If you like the functions and want to use them as is, go ahead and install the package. I actually recommend that you fork this package, or look over the code and borrow what you want to make your own. Everything is MIT licensed, so go for it.

Installation

You can install the development version of flighttools from GitHub with:

# install.packages("remotes")
remotes::install_github("rmflight/flighttools")

Notifiers

The functions I use the most are probably the notification functions. There are three, for slightly different use cases, but they all work roughly the same way:

library(flighttools)
ft_*_success_error(code_to_evaluate)
  • ft_beep_success_error: plays a sound from beepr if code is successful, a different one if there is an error;
  • ft_notify_success_error: creates a visual notification using notify-send on linux;
  • ft_ntfy_success_error: sends a network notification using the ntfy package.

I typically use these when I am running a long function, or when I am running targets pipelines. What is really nice, is they take whatever R code you supply, evaluate it, and then check if the code errored. If it didn’t error, it just returns the results. If it errored, it tells you, by changing the notification, and then returns the results.

ft_beep_success_error(tar_make())
ft_beep_success_error(tar_make(valid_target_name))

Markdown Code Helpers

Many functions just spit code into the terminal for me to copy into a document or code file. For example, I have a title block I use regularly. It’s not enough for me to have a template, but I do like to use a consistent one. This way, I can have this package installed, but not as a hard dependency, and just copy the output into a project Rmd or qmd file.

title: "A Good Title"
author: "Robert M Flight"
date: last-modified
date-format: YYYY-MM-DD HH:mm
format: 
  docx:
    keep-md: true
  html:
    toc: true
    embed-resources: true
bibliography: bibliography_file.json

Graphics Code Helpers

Do you remember the code to turn axis labels 90 degrees in a ggplot2 graph? Me neither. But this gives me the code to add to a plot.

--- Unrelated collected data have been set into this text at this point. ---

(* Let $\mathbbm k\ge2$ be an integer, $\Gamma$ an infinite set, $\varphi\colon\Gamma\to\Gamma$ an injective map without periodic points, and $w=(w_\gamma)_{\gamma\in\Gamma}\in\mathbb Z_{\mathbbm k}^\Gamma$ invertible. Let $\sigma\colon\mathbb Z_{\mathbbm k}^\Gamma\to\mathbb Z_{\mathbbm k}^\Gamma$ be the weighted shift $(\sigma x)_\gamma=w_\gamma x_{\varphi\gamma}$. Then the $\mathbb Z_+$-semiflow generated by $\sigma$ on $\mathbb Z_{\mathbbm k}^\Gamma$ is weakly mixing, and the $\mathbb Z_+$-semiflow generated by $\sigma\times\sigma$ on $\mathbb Z_{\mathbbm k}^\Gamma\times\mathbb Z_{\mathbbm k}^\Gamma$ is Devaney chaotic.
   Context: $\mathbb Z_{\mathbbm k}=\mathbb Z/\mathbbm k\mathbb Z$ with the discrete topology, $\mathbb Z_{\mathbbm k}^\Gamma$ with the product topology. An element $k\in\mathbb Z_{\mathbbm k}$ is invertible if there is $k^{-1}$ with $kk^{-1}=1\pmod{\mathbbm k}$; $w$ is invertible if every $w_\gamma$ is. $\gamma$ is a periodic point of $\varphi$ if $\varphi^\tau\gamma=\gamma$ for some integer $\tau\ge1$. A $\mathbb Z_+$-semiflow $(f,Z)$ is topologically transitive if for all nonempty open $U,V$ there is $n\ge0$ with $f^nU\cap V\ne\emptyset$; it is weakly mixing if $(f\times f,Z\times Z)$ is topologically transitive; it is Devaney chaotic if it is topologically transitive and its periodic points ($f^nz=z$ for some $n\ge1$) are dense. *)

theory Defs
  imports "HOL-Analysis.Analysis"
begin

text \<open>Z_k = {0,...,k-1} with the discrete topology; Z_k^Gamma with the product topology.
  The index set Gamma is the universe of a type variable 'g.\<close>
definition Zk_power :: "nat \<Rightarrow> ('g \<Rightarrow> nat) topology" where
  "Zk_power k = product_topology (\<lambda>_. discrete_topology {..<k}) UNIV"

definition invertible_mod :: "nat \<Rightarrow> nat \<Rightarrow> bool" where
  "invertible_mod k a \<longleftrightarrow> (\<exists>b\<in>{..<k}. (a * b) mod k = 1 mod k)"

definition wshift :: "nat \<Rightarrow> ('g \<Rightarrow> nat) \<Rightarrow> ('g \<Rightarrow> 'g) \<Rightarrow> ('g \<Rightarrow> nat) \<Rightarrow> ('g \<Rightarrow> nat)" where
  "wshift k w \<phi> x = (\<lambda>\<gamma>. (w \<gamma> * x (\<phi> \<gamma>)) mod k)"

definition top_transitive :: "'a topology \<Rightarrow> ('a \<Rightarrow> 'a) \<Rightarrow> bool" where
  "top_transitive Z f \<longleftrightarrow>
     (\<forall>U V. openin Z U \<and> U \<noteq> {} \<and> openin Z V \<and> V \<noteq> {} \<longrightarrow>
        (\<exists>n::nat. (f ^^ n) ` U \<inter> V \<noteq> {}))"

definition prod_map :: "('a \<Rightarrow> 'a) \<Rightarrow> 'a \<times> 'a \<Rightarrow> 'a \<times> 'a" where
  "prod_map f = (\<lambda>(x, y). (f x, f y))"

definition weakly_mixing :: "'a topology \<Rightarrow> ('a \<Rightarrow> 'a) \<Rightarrow> bool" where
  "weakly_mixing Z f \<longleftrightarrow> top_transitive (prod_topology Z Z) (prod_map f)"

definition devaney_chaotic :: "'a topology \<Rightarrow> ('a \<Rightarrow> 'a) \<Rightarrow> bool" where
  "devaney_chaotic Z f \<longleftrightarrow> top_transitive Z f \<and>
     Z closure_of {z \<in> topspace Z. \<exists>n\<ge>1. (f ^^ n) z = z} = topspace Z"

end

theory Submission
  imports Defs "HOL-Number_Theory.Cong"
begin

text \<open>
  The power \<open>\<sigma>\<^sup>n\<close> is again a weighted shift, along the injective map \<open>\<phi>\<^sup>n\<close> and with the weights
  \<open>w \<gamma> * w (\<phi> \<gamma>) * \<dots> * w (\<phi>\<^sup>n\<^sup>-\<^sup>1 \<gamma>)\<close>, which are units mod \<open>k\<close>. Basic open sets are cylinders
  over finite sets \<open>F\<close> of coordinates, and since \<open>\<phi>\<close> is injective without periodic points,
  \<open>\<phi>\<^sup>n F \<inter> F = {}\<close> for all large \<open>n\<close>. For such \<open>n\<close> both \<open>x\<close> and \<open>\<sigma>\<^sup>n x\<close> can be prescribed
  on \<open>F\<close> at the same time, which gives weak mixing. Moreover \<open>F\<close> is then wandering for \<open>\<phi>\<^sup>n\<close>, so a
  fixed point of \<open>\<sigma>\<^sup>n\<close> with prescribed values on \<open>F\<close> is obtained by propagating these values
  along the \<open>\<phi>\<^sup>n\<close>-chains through \<open>F\<close>; using the same period in both coordinates gives dense
  periodic points of \<open>\<sigma> \<times> \<sigma>\<close>.
\<close>

lemma topspace_Zk_power: "topspace (Zk_power k) = {x. \<forall>i. x i < k}"
  by (auto simp: Zk_power_def PiE_iff)

lemma Zk_power_cylinder_subset:
  assumes "openin (Zk_power k) U" "z \<in> U"
  obtains F where "finite F" "\<And>y. y \<in> topspace (Zk_power k) \<Longrightarrow> \<forall>i\<in>F. y i = z i \<Longrightarrow> y \<in> U"
proof -
  from assms obtain V where V: "finite {i. V i \<noteq> {..<k}}" "z \<in> Pi\<^sub>E UNIV V" "Pi\<^sub>E UNIV V \<subseteq> U"
    unfolding Zk_power_def openin_product_topology_alt by auto
  have "y \<in> U" if "y \<in> topspace (Zk_power k)" "\<forall>i\<in>{i. V i \<noteq> {..<k}}. y i = z i" for y
  proof -
    have "y i \<in> V i" for i
      using that V(2) by (cases "V i = {..<k}") (auto simp: PiE_iff topspace_Zk_power)
    then show ?thesis using V(3) by blast
  qed
  with V(1) show thesis by (rule that)
qed

lemma prod_Zk_power_cylinder_subset:
  assumes "openin (prod_topology (Zk_power k) (Zk_power k)) W" "(a, b) \<in> W"
  obtains F where "finite F"
    "\<And>x y. x \<in> topspace (Zk_power k) \<Longrightarrow> y \<in> topspace (Zk_power k) \<Longrightarrow>
       \<forall>i\<in>F. x i = a i \<Longrightarrow> \<forall>i\<in>F. y i = b i \<Longrightarrow> (x, y) \<in> W"
proof -
  have "\<exists>U V. openin (Zk_power k) U \<and> openin (Zk_power k) V \<and> a \<in> U \<and> b \<in> V \<and> U \<times> V \<subseteq> W"
    using assms(1)[unfolded openin_prod_topology_alt, rule_format, OF assms(2)] .
  then obtain U V where UV: "openin (Zk_power k) U" "openin (Zk_power k) V" "a \<in> U" "b \<in> V" "U \<times> V \<subseteq> W"
    by (elim exE conjE)
  obtain F1 where F1: "finite F1" "\<And>x. x \<in> topspace (Zk_power k) \<Longrightarrow> \<forall>i\<in>F1. x i = a i \<Longrightarrow> x \<in> U"
    by (rule Zk_power_cylinder_subset[OF UV(1,3)]) (rule that)
  obtain F2 where F2: "finite F2" "\<And>y. y \<in> topspace (Zk_power k) \<Longrightarrow> \<forall>i\<in>F2. y i = b i \<Longrightarrow> y \<in> V"
    by (rule Zk_power_cylinder_subset[OF UV(2,4)]) (rule that)
  show thesis
  proof (rule that[of "F1 \<union> F2"])
    show "finite (F1 \<union> F2)" using F1(1) F2(1) by simp
    fix x y
    assume "x \<in> topspace (Zk_power k)" "y \<in> topspace (Zk_power k)"
      and "\<forall>i\<in>F1 \<union> F2. x i = a i" "\<forall>i\<in>F1 \<union> F2. y i = b i"
    then have "x \<in> U" "y \<in> V" by (simp_all add: F1(2) F2(2))
    then show "(x, y) \<in> W" using UV(5) by blast
  qed
qed

lemma prod_map_funpow: "(prod_map f ^^ n) (x, y) = ((f ^^ n) x, (f ^^ n) y)"
  by (induction n) (simp_all add: prod_map_def)

definition inverse_mod :: "nat \<Rightarrow> nat \<Rightarrow> nat" where
  "inverse_mod k a = (SOME b. [a * b = 1] (mod k))"

lemma cong_mult_inverse_mod: "coprime a k \<Longrightarrow> [a * inverse_mod k a = 1] (mod k)"
  unfolding inverse_mod_def using cong_solve_coprime_nat by (auto intro: someI_ex)

lemma mult_inverse_mod_mod:
  assumes "coprime a k"
  shows "a * (inverse_mod k a * c mod k) mod k = c mod k"
proof -
  have "[a * (inverse_mod k a * c) = 1 * c] (mod k)"
    unfolding mult.assoc[symmetric] using cong_mult_inverse_mod[OF assms] by (rule cong_scalar_right)
  then show ?thesis by (simp add: cong_def mod_mult_right_eq)
qed

lemma mult_inverse_mod_mult_mod:
  assumes "coprime u k" "coprime v k"
  shows "v * (inverse_mod k (u * v) * c mod k) mod k = inverse_mod k u * c mod k"
proof -
  have "[v * inverse_mod k (u * v) * c = v * inverse_mod k (u * v) * c * (u * inverse_mod k u)] (mod k)"
    using cong_mult_inverse_mod[OF assms(1)] by (metis cong_scalar_left cong_sym mult.right_neutral)
  also have "v * inverse_mod k (u * v) * c * (u * inverse_mod k u)
      = (u * v * inverse_mod k (u * v)) * (inverse_mod k u * c)"
    by (simp add: ac_simps)
  also have "[\<dots> = 1 * (inverse_mod k u * c)] (mod k)"
    using cong_mult_inverse_mod assms by (intro cong_scalar_right) simp
  finally show ?thesis by (simp add: cong_def mod_mult_right_eq mult.assoc)
qed

lemma invertible_mod_imp_coprime: "invertible_mod k a \<Longrightarrow> coprime a k"
  unfolding invertible_mod_def
  by (metis cong_def cong_imp_coprime coprime_1_left coprime_mult_left_iff)

definition cocycle :: "('g \<Rightarrow> nat) \<Rightarrow> ('g \<Rightarrow> 'g) \<Rightarrow> nat \<Rightarrow> 'g \<Rightarrow> nat" where
  "cocycle v \<psi> n \<gamma> = (\<Prod>j<n. v ((\<psi> ^^ j) \<gamma>))"

lemma cocycle_0 [simp]: "cocycle v \<psi> 0 \<gamma> = 1"
  by (simp add: cocycle_def)

lemma cocycle_Suc: "cocycle v \<psi> (Suc n) \<gamma> = v \<gamma> * cocycle v \<psi> n (\<psi> \<gamma>)"
  by (simp only: cocycle_def prod.lessThan_Suc_shift) (simp add: funpow_Suc_right del: funpow.simps)

lemma cocycle_Suc_right: "cocycle v \<psi> (Suc n) \<gamma> = cocycle v \<psi> n \<gamma> * v ((\<psi> ^^ n) \<gamma>)"
  by (simp add: cocycle_def)

lemma coprime_cocycle: "(\<And>\<gamma>. coprime (v \<gamma>) k) \<Longrightarrow> coprime (cocycle v \<psi> n \<gamma>) k"
  by (simp add: cocycle_def prod_coprime_left)

lemma wshift_in_topspace: "0 < k \<Longrightarrow> wshift k v \<psi> x \<in> topspace (Zk_power k)"
  by (simp add: wshift_def topspace_Zk_power)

## scale_x_discrete(guide = guide_axis(angle = 90))
## 
## theme(axis.text.x=element_text(angle = 90)
## 
## coord_flip()

File Manipulation

When I’m using targets, I also like to be able to rename file outputs with the current date, so I can keep track of versions, as well as zip the Word figure directory up to share with others.

ft_rename_outputs(tar_read(file_output), prefix = "initials_info")
ft_zip_directory("docs/file_output/figure-docx", "docs/file_output_figures.zip")

Timekeeping

I work in an academic environment, and I do a lot of data analysis for collaborators. We really want to provide information on roughly how much time I spend on various tasks working with them, but I don’t want to manually track it. Therefore, I built a set of relatively simple time tracking functions into this package.

The way it works, is you set up a file where the timekeeping is recorded via start and stop statements. The file path is defined in an environment variable. I set this in the top level .Renviron. See ft_setup_timekeeping(). You also set which categories of tasks you are allowed to record in another environment variable, so that you restrict yourself to what categories you are recording, because personally, I’ll keep changing them.

Actual timekeeping log entries are comma separated, so don’t use comma’s in your comments, or anything else.